In mysql5.5 version: first explain extended analysis statement, and then execute SHOW WARNINGS; the real sql is as follows
SELECT `数据库名`.`user`.`id` AS `id`,`数据库名`.`user `.`name` AS `name`,`数据库名`.`user`.`age` AS `age`
FROM `数据库名`.`user` WHERE <in_optimizer>(`数据库名`.`user`.`id`,<EXISTS>(<primary_index_lookup>(<CACHE>(`数据库名`.`user`.`id`) IN table1 ON PRIMARY)))
In other words, the execution engine optimizes the in statement into an exists statement. Then analyze this sql: first perform a full table scan of the user table, load 500w pieces of data, and then take the id of the user table to the table1 table for matching. 500w pieces of data in the user table result in 500w matches for the table1 table. This SQL is very slow in version 5.5.
In mysql5.7 version
同样先执行 explain extended select * from user where id in (select uid from table1) ;
Then execute SHOW WARNINGS;
Get the real sql as follows
That is to say, in version 5.7, the execution engine optimizes the in sub-query statement into a join connection. From this sql, it can be seen that the table in in is optimized into a driving table, and the outer table in in is optimized into a driven table. The connection method is also in line with our inquiries.
1.5.4 Scope search analysis
The existing sql is as follows
- SELECT * FROM t_class WHERE id <= 6, its execution plan?

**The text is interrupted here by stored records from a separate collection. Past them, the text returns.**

definition spectrally_threshold_dominated :: "nat \<Rightarrow> (nat \<Rightarrow> nat \<Rightarrow> bool) \<Rightarrow> bool" where
  "spectrally_threshold_dominated n E \<longleftrightarrow>
     (\<forall>k \<in> {1..n}. \<exists>T. threshold n T \<and> num_edges n T = num_edges n E \<and>
                         lap_sum n T k \<ge> lap_sum n E k)"

definition disj_union :: "graph \<Rightarrow> graph \<Rightarrow> graph" where
  "disj_union G H = (fst G + fst H,
     (\<lambda>i j. (i < fst G \<and> j < fst G \<and> snd G i j) \<or>
            (fst G \<le> i \<and> fst G \<le> j \<and> snd H (i - fst G) (j - fst G))))"

definition disj_union_list :: "graph list \<Rightarrow> graph" where
  "disj_union_list Gs = foldr disj_union Gs (0, (\<lambda>_ _. False))"

definition graph_iso :: "graph \<Rightarrow> graph \<Rightarrow> bool" where
  "graph_iso G H \<longleftrightarrow> fst G = fst H \<and>
     (\<exists>p. bij_betw p {0..<fst G} {0..<fst H} \<and>
          (\<forall>i < fst G. \<forall>j < fst G. snd G i j \<longleftrightarrow> snd H (p i) (p j)))"

end

theory Submission
  imports Defs
begin

text \<open>A threshold graph on \<open>n\<close> nodes is coded by the decreasing list \<open>cs\<close> of its
  dominating nodes. It has \<open>\<Sum> cs\<close> edges, and since an isolated node adds the Laplacian
  eigenvalue \<open>0\<close> while a cone over \<open>n\<close> nodes adds \<open>n + 1\<close> and raises all other eigenvalues
  but one \<open>0\<close> by \<open>1\<close>, the sum of its \<open>k\<close> largest Laplacian eigenvalues is
  \<open>F k cs = (\<Sum>i<k. c\<^sub>i + min c\<^sub>i (k - i))\<close>.

  The Laplacian of a disjoint union is block diagonal, so its spectrum is the union of the
  spectra, and its \<open>k\<close> largest eigenvalues are \<open>k\<^sub>1\<close> eigenvalues of the first and \<open>k\<^sub>2\<close> of the
  second component with \<open>k\<^sub>1 + k\<^sub>2 \<le> k\<close>. Adding two codes entrywise yields a code with the
  combined numbers of nodes and edges, and \<open>F k\<^sub>1 xs + F k\<^sub>2 ys \<le> F (k\<^sub>1 + k\<^sub>2) (xs + ys)\<close>.
  So threshold domination passes to disjoint unions, and isomorphisms preserve spectra and
  edge counts.\<close>

section \<open>Sums of the largest elements of a multiset\<close>

definition top_sum :: "real multiset \<Rightarrow> nat \<Rightarrow> real" where
  "top_sum M k = sum_list (take k (rev (sorted_list_of_multiset M)))"

lemma top_sum_0 [simp]: "top_sum M 0 = 0"
  unfolding top_sum_def by simp

lemma rev_sorted_list_of_multiset_mset:
  "sorted_wrt (\<ge>) xs \<Longrightarrow> rev (sorted_list_of_multiset (mset xs)) = (xs :: 'a :: linorder list)"
  by (metis properties_for_sort rev_rev_ident mset_rev sorted_list_of_multiset_mset
      sorted_wrt_rev)

lemma top_sum_mset: "sorted_wrt (\<ge>) xs \<Longrightarrow> top_sum (mset xs) k = sum_list (take k xs)"
  unfolding top_sum_def by (subst rev_sorted_list_of_multiset_mset) auto

lemma sum_mset_le_sum_take:
  fixes xs :: "'a :: linordered_ab_group_add list"
  assumes "sorted_wrt (\<ge>) xs" and "N \<subseteq># mset xs"
  shows "sum_mset N \<le> sum_list (take (size N) xs)"
  using assms
proof (induction xs arbitrary: N)
  case (Cons x xs)
  then have sorted: "sorted_wrt (\<ge>) xs" and le_x: "\<forall>y\<in>set xs. y \<le> x" by auto
  show ?case
  proof (cases "x \<in># N")
    case True
    then obtain N' where N: "N = add_mset x N'" by (blast dest: multi_member_split)
    with Cons.prems(2) have "N' \<subseteq># mset xs" by simp
    with Cons.IH[OF sorted] show ?thesis using N by (simp add: add_left_mono)
  next
    case False
    with Cons.prems(2) have sub: "N \<subseteq># mset xs"
      by (simp add: inter_add_left1 subset_mset.inf.absorb_iff2)
    have IH: "sum_mset N \<le> sum_list (take (size N) xs)" by (rule Cons.IH[OF sorted sub])
    show ?thesis
    proof (cases "size N")
      case (Suc k)
      have "k < length xs" using size_mset_mono[OF sub] Suc by simp
      then have "sum_list (take (size N) xs) = sum_list (take k xs) + xs ! k"
        using Suc by (simp add: take_Suc_conv_app_nth)
      also have "\<dots> \<le> sum_list (take k xs) + x"
        using le_x \<open>k < length xs\<close> by (simp add: add_left_mono)
      finally show ?thesis using IH Suc by (simp add: add.commute)
    qed simp
  qed
qed simp
definition pgl_class :: "cmat \<Rightarrow> cmat set" where
  "pgl_class A = {(\<chi> i j. c * A $ i $ j) | c. c \<noteq> 0}"

definition PGL3 :: "cmat set monoid" where
  "PGL3 = \<lparr> carrier = pgl_class ` {A. invertible A},
            mult = (\<lambda>X Y. {A ** B | A B. A \<in> X \<and> B \<in> Y}),
            one = pgl_class (mat 1) \<rparr>"

definition SL3 :: "cmat monoid" where
  "SL3 = \<lparr> carrier = {A. det A = 1}, mult = (**), one = mat 1 \<rparr>"

definition pi3 :: "cmat \<Rightarrow> cmat set" where
  "pi3 A = pgl_class A"

text \<open>Homogeneous polynomials of degree d in x,y,z (as polynomial functions on C^3;
  since C is infinite these correspond bijectively to polynomials).\<close>
definition hom_poly :: "nat \<Rightarrow> (cvec \<Rightarrow> complex) \<Rightarrow> bool" where
  "hom_poly d F \<longleftrightarrow> (\<exists>c :: nat \<Rightarrow> nat \<Rightarrow> nat \<Rightarrow> complex. \<forall>v.
     F v = (\<Sum>(i,j,k) \<in> {(i,j,k). i + j + k = d}. c i j k * v$1 ^ i * v$2 ^ j * v$3 ^ k))"

text \<open>The curve (effective divisor) defined by F: determined by F up to nonzero scalar.\<close>
definition curve_of :: "(cvec \<Rightarrow> complex) \<Rightarrow> (cvec \<Rightarrow> complex) set" where
  "curve_of F = {(\<lambda>v. c * F v) | c. c \<noteq> 0}"

definition plane_curve :: "(cvec \<Rightarrow> complex) set \<Rightarrow> bool" where
  "plane_curve C \<longleftrightarrow> (\<exists>d>0. \<exists>F. hom_poly d F \<and> F \<noteq> (\<lambda>_. 0) \<and> C = curve_of F)"

definition defines_curve :: "(cvec \<Rightarrow> complex) \<Rightarrow> (cvec \<Rightarrow> complex) set \<Rightarrow> bool" where
  "defines_curve f C \<longleftrightarrow> (\<exists>d. hom_poly d f) \<and> C = curve_of f"

text \<open>Push-forward of a curve by the projective transformation [A]: the image of
  the zero locus of F under x |-> A x is the zero locus of F o A^{-1}.\<close>
definition push_curve :: "cmat \<Rightarrow> (cvec \<Rightarrow> complex) set \<Rightarrow> (cvec \<Rightarrow> complex) set" where
  "push_curve A C = (\<lambda>F v. F (matrix_inv A *v v)) ` C"

definition curve_invariant :: "cmat set set \<Rightarrow> (cvec \<Rightarrow> complex) set \<Rightarrow> bool" where
  "curve_invariant G C \<longleftrightarrow> (\<forall>X \<in> G. \<forall>A \<in> X. push_curve A C = C)"

definition poly_invariant :: "cmat set \<Rightarrow> (cvec \<Rightarrow> complex) \<Rightarrow> bool" where
  "poly_invariant Gt f \<longleftrightarrow> (\<forall>A \<in> Gt. (\<lambda>v. f (A *v v)) = f)"

end

theory Submission
  imports Defs "HOL-Algebra.Generated_Groups"
begin

(* Let P be the full preimage of G in SL(3,C). An element of P preserves an invariant curve V(F),
   so it multiplies F by a nonzero scalar; as scalars commute, every commutator in P fixes F, and
   so does the derived group P'. Since G is simple and nonabelian it is perfect, and pi maps P onto
   G, so pi(P') = [G,G] = G. Hence P' is the required lift. *)

lemma (in group) comm_group_if_derived_trivial:
  assumes "derived G (carrier G) = {\<one>}"
  shows "comm_group G"
proof (rule group_comm_groupI)
  fix x y assume x: "x \<in> carrier G" and y: "y \<in> carrier G"
  have "x \<otimes> y \<otimes> inv x \<otimes> inv y \<in> derived G (carrier G)"
    unfolding derived_def using x y by (intro generate.incl) blast
  then have "x \<otimes> y \<otimes> inv x \<otimes> inv y = \<one>"
    using assms by blast
  moreover have "x \<otimes> y = (x \<otimes> y \<otimes> inv x \<otimes> inv y) \<otimes> (y \<otimes> x)"
  proof -
    have "inv y \<otimes> (y \<otimes> x) = x"
      using x y by (simp flip: m_assoc)
    then show ?thesis
      using x y by (simp add: m_assoc)
  qed
  ultimately show "x \<otimes> y = y \<otimes> x"
    using x y by simp
qed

First retrieve the primary key index to get the record from the lowest id=1, and then find the number of records '2,3,4,5,6,7' through a data page with a singly linked list relationship and return it to the server, where the id is judged =7 does not meet the conditions. Terminate the search. Get the result set. \ - SELECT * FROM t_class WHERE id >= 6, its execution plan?
First retrieve the id record with the primary key index id=6 or greater than 6 and closest to 6. Then I feel that this record goes down to find out all the records.